Struct Initialization

Applications Programming
1

Hi
We are using a code generator for initializing structures with the #define macro. Compiling it with the GCC 2.8.1 (with -ansi) it OK. But when we are using the SUN C 5.0 compiler it screams.

Following is a code sample:

#include <stdlib.h>
#include <stdio.h>

typedef struct TEST3 {
int E;
int F;
} TEST3;

typedef struct TEST2 {
int C;
TEST3 D;
} TEST2;

typedef struct TEST {
int A;
TEST2 B;
} TEST;

#define TEST3_NS_C (TEST3) {\
6,\
8}
#define TEST2_NS_C (TEST2) {\
2,\
TEST3_NS_C}
#define TEST_NS_C (TEST) {\
1,\
TEST2_NS_C}

main(int argc, char *argv[])
{

TEST T ; /= TEST_NS_C;/
T = TEST_NS_C;
printf("%d %d %d %d", T.A, T.B.C, T.B.D.E, T.B.D.F);
exit(1);

}

Does anybody knows why that happens since SUN C5.0 is ANSI/ISO compliant ?

Thanx

2

Can you post the error messages?

3

From the gcc man page...

Try "gcc -ansi -pedantic".

I have tried your code on gcc without either -ansi or -pendantic. I can't get it to compile with any compiler no matter what I do. We do have an older version of gcc, "gcc --version" says 2.95.3. But visually inspecting the code, I'm not surprised that it doesn't compile. Did the code get garbled as you included it the post?

4

OK,
we used the -pedantic and the gcc (ver 2.8.1) complained at line
T = TEST_NS_C; with the following errors
test.c: In function `main':
test.c:33: warning: ANSI C forbids constructor expressions
test.c:33: warning: ANSI C forbids constructor expressions
test.c:33: warning: ANSI C forbids constructor expressions

So from what -ansi option it's not a safe way anymore.

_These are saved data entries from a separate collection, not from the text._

(* Let $\omega>0$, $S^1=[0,2\pi/\omega]$ with endpoints identified, and $c$ a smooth real $2\pi/\omega$-periodic function of the form $c(t)=2\sum_{n\ge1}\left(\frac{E_n}{(in\omega)^2}e^{in\omega t}+\frac{\overline{E_n}}{(-in\omega)^2}e^{-in\omega t}\right)$. Let $K(\sigma)$ be the operator on $L^2(S^1,dt)$ defined for $\operatorname{Im}\sigma>0$ by $$K(\sigma)f(t)=\sqrt{\tfrac{i}{\pi}}\int_0^{\infty}\exp\!\left(i\frac{(c(t)-c(t-s))^2}{4s}\right)e^{i\sigma s}f(t-s)\frac{ds}{\sqrt{s}}$$ (and by analytic continuation in the strip $0<\operatorname{Re}\sigma<\omega$). Then $K(\sigma)$ vanishes (in operator norm) as $\operatorname{Im}\sigma\to+\infty$.
   Context: Functions on $S^1$ are extended periodically to $\mathbb{R}$. *)

theory Defs
  imports "HOL-Analysis.Analysis"
begin

definition smooth_real :: "(real \<Rightarrow> real) \<Rightarrow> bool" where
  "smooth_real c \<longleftrightarrow> (\<exists>D :: nat \<Rightarrow> real \<Rightarrow> real. D 0 = c \<and>
      (\<forall>k t. (D k has_real_derivative D (Suc k) t) (at t)))"

text \<open>Elements of L^2(S^1): measurable functions on the real line, periodic with period T
  (the periodic extension of a function on S^1), square integrable over one period.\<close>
definition L2_per :: "real \<Rightarrow> (real \<Rightarrow> complex) set" where
  "L2_per T = {f. f \<in> borel_measurable lborel \<and> (\<forall>t. f (t + T) = f t) \<and>
      set_integrable lborel {0..T} (\<lambda>t. (cmod (f t))\<^sup>2)}"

The error we get in Sun C5.0 compiler is in the same line and it reads
test.c line 33: syntax error before or at: {
which I beleve is for the same reason.

And here is the million dollar question.

How can we initialize complex structures like in the example?
Our application has to send large amount of different messages through TCP or UPD interfaces and we have prepared a code generator that would intialize all the message values to NO_STATEMENT (what ever that means).

Thanx once more for the help.

Andonis

5

I think that I now mostly understand the code that you posted. You're right about gcc. I suggest that you do most of your testing with a C compiler. There is a lot of code out there that happily states "gcc required", a situation simliar to those "IE required" web pages.

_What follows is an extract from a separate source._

(* Let $\Gamma$ and the data $s_0,\eta_0,\Xi$ be as in the context. There exists a constant $c>0$ such that for all sufficiently large $X>0$ and every closed ball $B\subset\mathbb R^{n-1}$ of radius $c/\sqrt X$, there is at least one cusp $\gamma\xi\infty$ of $\Gamma$ ($\gamma\in\Gamma$, $\xi\in\Xi$, $\gamma\xi\notin P$) with $\gamma\xi\infty\in B$ and $h(\gamma\xi\infty)\le X$.
   Context: $n\ge2$, $G=\mathrm{SO}(n,1)$, $K\cong\mathrm{SO}(n)$ maximal compact. $A=\{a(t)\}$ a one-parameter $\mathbb R$-split torus with $\mathfrak g=\mathfrak g_{-1}\oplus\mathfrak z(A)\oplus\mathfrak g_{+1}$, $\mathrm{Ad}(a(t))=e^{\pm t}$ on $\mathfrak g_{\pm1}$; $M=Z_G(A)\cap K$, $N=\exp\mathfrak g_{+1}$, $\mathfrak g_{+1}\cong\mathbb R^{n-1}$ with $\mathrm{Ad}(M)$-invariant Euclidean norm, $u(\mathbf x)=\exp\mathbf x$; $\sigma\in K$ with $\sigma^2=e$, $\sigma a(t)\sigma^{-1}=a(-t)$; $P=MAN$. Each $g\in G\setminus P$ is $g=u(\mathbf x)\sigma ma(r)u(\mathbf y)$ with $\mathbf x,r$ unique; $\partial\mathbb H^n\cong\mathbb R^{n-1}\cup\{\infty\}$ via $u(\mathbf x)\sigma P\mapsto\mathbf x$, $P\mapsto\infty$. $\Omega(\eta,s)=\eta\{a(t):t\ge s\}K$. $\Gamma$ discrete, $\Gamma\backslash G$ of finite volume, $\Gamma\backslash\mathbb H^n$ non-compact, with fixed $s_0>0$, compact $\eta_0\subset N$, finite $\Xi\ni e$ satisfying: (i) $G=\Gamma\Xi\Omega(\eta_0,s_0)$; (ii) $\Gamma\cap\xi N\xi^{-1}$ cocompact in $\xi N\xi^{-1}$; (iii) for compact $\eta$, $\{\gamma:\gamma\Xi\Omega(\eta,s_0)\cap\Omega(\eta,s_0)\ne\emptyset\}$ finite; (iv) for compact $\eta\supseteq\eta_0$ some $s_1>s_0$ with $\gamma\xi_1\Omega(\eta,s_0)\cap\xi_2\Omega(\eta,s_1)\ne\emptyset\Rightarrow\xi_1=\xi_2,\gamma\in\xi_1NM\xi_1^{-1}$. Height: for $\gamma\xi=u(\mathbf x_1)\sigma ma(r)u(\mathbf y)$, $\gamma\xi\infty=\mathbf x_1$ and $h(\gamma\xi\infty)=e^r$. *)

theory Defs
  imports "HOL-Analysis.Analysis"
begin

You are doing a lot of "typedef struct X { } X". That makes X both a typedef and name of a stucture. Unless you have a very good reason for that, just use "typedef struct { } X".

When you do "#define X_NS_C (X) {...}", what function is the (X) supposed to serve? That is the one part that I can't figure out. I finally just assumed it was a comment and dropped it.

You need a \n in your printf. I never could get my version of gcc to compile your program. When you run your program after a gcc compile, do you get a trailing \n somehow?

The exit(1) is interesting, but I couldn't resist the urge to switch it to exit(0).

#include <stdlib.h> 
#include <stdio.h> 

typedef struct { 
        int E; 
        int F; 
        } TEST3; 

typedef struct { 
        int C; 
        TEST3 D; 
        } TEST2; 

typedef struct { 
        int A; 
        TEST2 B; 
        } TEST; 

#define TEST_NS_C  { 1, TEST2_NS_C } 
#define TEST2_NS_C { 2, TEST3_NS_C } 
#define TEST3_NS_C { 6, 8 } 

main(int argc, char *argv[]) 
{ 
        TEST T = TEST_NS_C;
        printf("%d %d %d %d \n", T.A, T.B.C, T.B.D.E, T.B.D.F); 
        exit(0); 
}

Of course, in real life, I would lose those #defines and just go with:
TEST T = { 1, { 2, { 6, 8 } } };
but I guess that you need those defines for some reason. Do you really need to split them to several lines? Even machine generated C code should be readable.

I have tried my code on several c compilers. HP's c++ compiler issued a warning because main() is not typed, but the resulting program ran fine. Other than that, it compiled fine everywhere, including with gcc.

You lost me with that NO_STATEMENT stuff...I hope that wasn't too important.